This function constructs the machine learning model, the output object can be used as input for plotting and further analyses.

ml_model(
  processed_se,
  char = "none",
  transform = c("none", "log10", "square", "cube"),
  ranking_method = c("p_value", "pvalue_FC", "ROC", "Random_forest", "SVM", "Lasso",
    "Ridge", "ElasticNet"),
  ml_method = c("Random_forest", "SVM", "Lasso", "Ridge", "ElasticNet", "xgboost"),
  split_prop = 0.3,
  nfold = 10,
  alpha = NULL
)

Arguments

processed_se

A SummarizedExperiment object constructed by as_summarized_experiment and processed by data_process.

char

Character list. Lipid characteristics selected from the ml_char list returned by list_lipid_char. Select 'none' to exclude all lipid characteristics.

transform

Character. Method for data transformation. Allowed methods include "none", "log10", "square", "cube". Select 'none' to skip data transformation. Default is 'log10'.

ranking_method

Character. The ranking method to be computed.
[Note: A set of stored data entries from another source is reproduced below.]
lemma ptrace2_trace_out_right: "ptrace2 (trace_out_right M) = ptrace2 M"
  unfolding trace_out_right_def by (simp add: ptrace2_def vec_eq_iff)

lemma linear_op_map_one_tensor: "linear_op_map one_tensor"
  by (simp add: one_tensor_eq_sandwich linear_op_map_sandwich)

lemma completely_positive_one_tensor: "completely_positive one_tensor"
  by (simp add: one_tensor_eq_sandwich completely_positive_sandwich)

lemma trace_preserving_one_tensor: "trace_preserving one_tensor"
  by (simp add: trace_preserving_def trace_one_tensor)

lemma linear_op_map_trace_out_right: "linear_op_map trace_out_right"
  unfolding trace_out_right_eq_sum_sandwich[abs_def]
  by (intro linear_op_map_compose_sum linear_op_map_sandwich)

lemma completely_positive_trace_out_right: "completely_positive trace_out_right"
  unfolding trace_out_right_eq_sum_sandwich[abs_def]
  by (intro completely_positive_compose_sum completely_positive_sandwich)

lemma trace_preserving_trace_out_right: "trace_preserving trace_out_right"
  by (simp add: trace_preserving_def trace_trace_out_right)

lemma instrumentI:
  assumes "\<And>x. linear_op_map (I x)" and "\<And>x. completely_positive (I x)"
    and "\<And>x \<rho>. psd \<rho> \<Longrightarrow> Re (trace (I x \<rho>)) \<le> Re (trace \<rho>)"
    and "\<And>\<rho>. (\<Sum>x\<in>UNIV. trace (I x \<rho>)) = trace \<rho>"
  shows "instrument I"
  using assms
  unfolding instrument_def trace_nonincreasing_def trace_preserving_def induced_channel_def trace_sum
  by blast

lemma instrument_linear: "instrument I \<Longrightarrow> linear_op_map (I x)"
  unfolding instrument_def by blast

lemma instrument_completely_positive: "instrument I \<Longrightarrow> completely_positive (I x)"
  unfolding instrument_def by blast

lemma instrument_trace_le: "instrument I \<Longrightarrow> psd \<rho> \<Longrightarrow> Re (trace (I x \<rho>)) \<le> Re (trace \<rho>)"
  unfolding instrument_def trace_nonincreasing_def by blast

lemma instrument_sum_trace: "instrument I \<Longrightarrow> (\<Sum>x\<in>UNIV. trace (I x \<rho>)) = trace \<rho>"
  unfolding instrument_def trace_preserving_def induced_channel_def trace_sum by blast

lemma instrument_psd: "instrument I \<Longrightarrow> psd \<rho> \<Longrightarrow> psd (I x \<rho>)"
  by (simp add: instrument_completely_positive psd_completely_positive)

lemma instrument_sequential:
  fixes I :: "'x::finite \<Rightarrow> 'h::finite op \<Rightarrow> 'k::finite op"
    and J :: "'y::finite \<Rightarrow> 'k op \<Rightarrow> 'v::finite op"
  assumes I: "instrument I" and J: "instrument J"
  shows "instrument (\<lambda>(x, y). J y \<circ> I x)"
proof (rule instrumentI)
  fix xy :: "'x \<times> 'y" and \<rho> :: "'h op"
  obtain x y where xy: "xy = (x, y)" by fastforce
  show "linear_op_map ((\<lambda>(x, y). J y \<circ> I x) xy)"
    using I J by (simp add: xy linear_op_map_compose instrument_linear)
  show "completely_positive ((\<lambda>(x, y). J y \<circ> I x) xy)"
    using I J by (simp add: xy completely_positive_compose instrument_completely_positive)
  assume "psd \<rho>"
  then have "Re (trace (J y (I x \<rho>))) \<le> Re (trace (I x \<rho>))"
    using I J by (simp add: instrument_trace_le instrument_psd)
  also have "\<dots> \<le> Re (trace \<rho>)"
    using I \<open>psd \<rho>\<close> by (rule instrument_trace_le)
  finally show "Re (trace ((\<lambda>(x, y). J y \<circ> I x) xy \<rho>)) \<le> Re (trace \<rho>)"
    by (simp add: xy)
next
  fix \<rho> :: "'h op"
  show "(\<Sum>xy\<in>UNIV. trace ((\<lambda>(x, y). J y \<circ> I x) xy \<rho>)) = trace \<rho>"
    using I J by (simp add: sum_UNIV_prod instrument_sum_trace)
qed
Allowed methods include 'p_value', 'pvalue_FC', 'ROC', 'Random_forest', 'SVM', 'Lasso', 'Ridge', 'ElasticNet'. Default is 'Random_forest'.

ml_method

Character. The machine learning method to be computed. Allowed methods include 'Random_forest', 'SVM', 'Lasso', 'Ridge', 'ElasticNet', 'xgboost'. Default is 'Random_forest'.

split_prop

Numeric. The proportion of data to be retained for modeling/analysis. The range is 0.1 to 0.5. Default is 0.3.

nfold

Numeric. The number of fold that the original dataset is randomly partitioned into equal-sized subsamples. Must be a positive interger. Default is 10.

alpha

Numeric. The alpha value between 0 and 1 when choosing "ElasticNet" as ml_method. 0 is for Ridge and 1 is for Lasso. If "ElasticNet" is not selected as the ml_method, set the value to NULL.

Value

Return a SummarizedExperiment object containing analysis results.

Examples

data("ml_sub")
processed_se <- data_process(
    ml_sub, exclude_missing=TRUE, exclude_missing_pct=70,
    replace_na_method='min', replace_na_method_ref=0.5,
    normalization='Percentage')
char_list <- list_lipid_char(processed_se)
ml_se <- ml_model(
    processed_se, char=c("class","Total.DB"), transform='log10',
    ranking_method='Random_forest', ml_method='Random_forest', split_prop=0.3,
    nfold=5, alpha=NULL)
#> Processing CV fold 1
#> Processing CV fold 2
#> Processing CV fold 3
#> Processing CV fold 4
#> Processing CV fold 5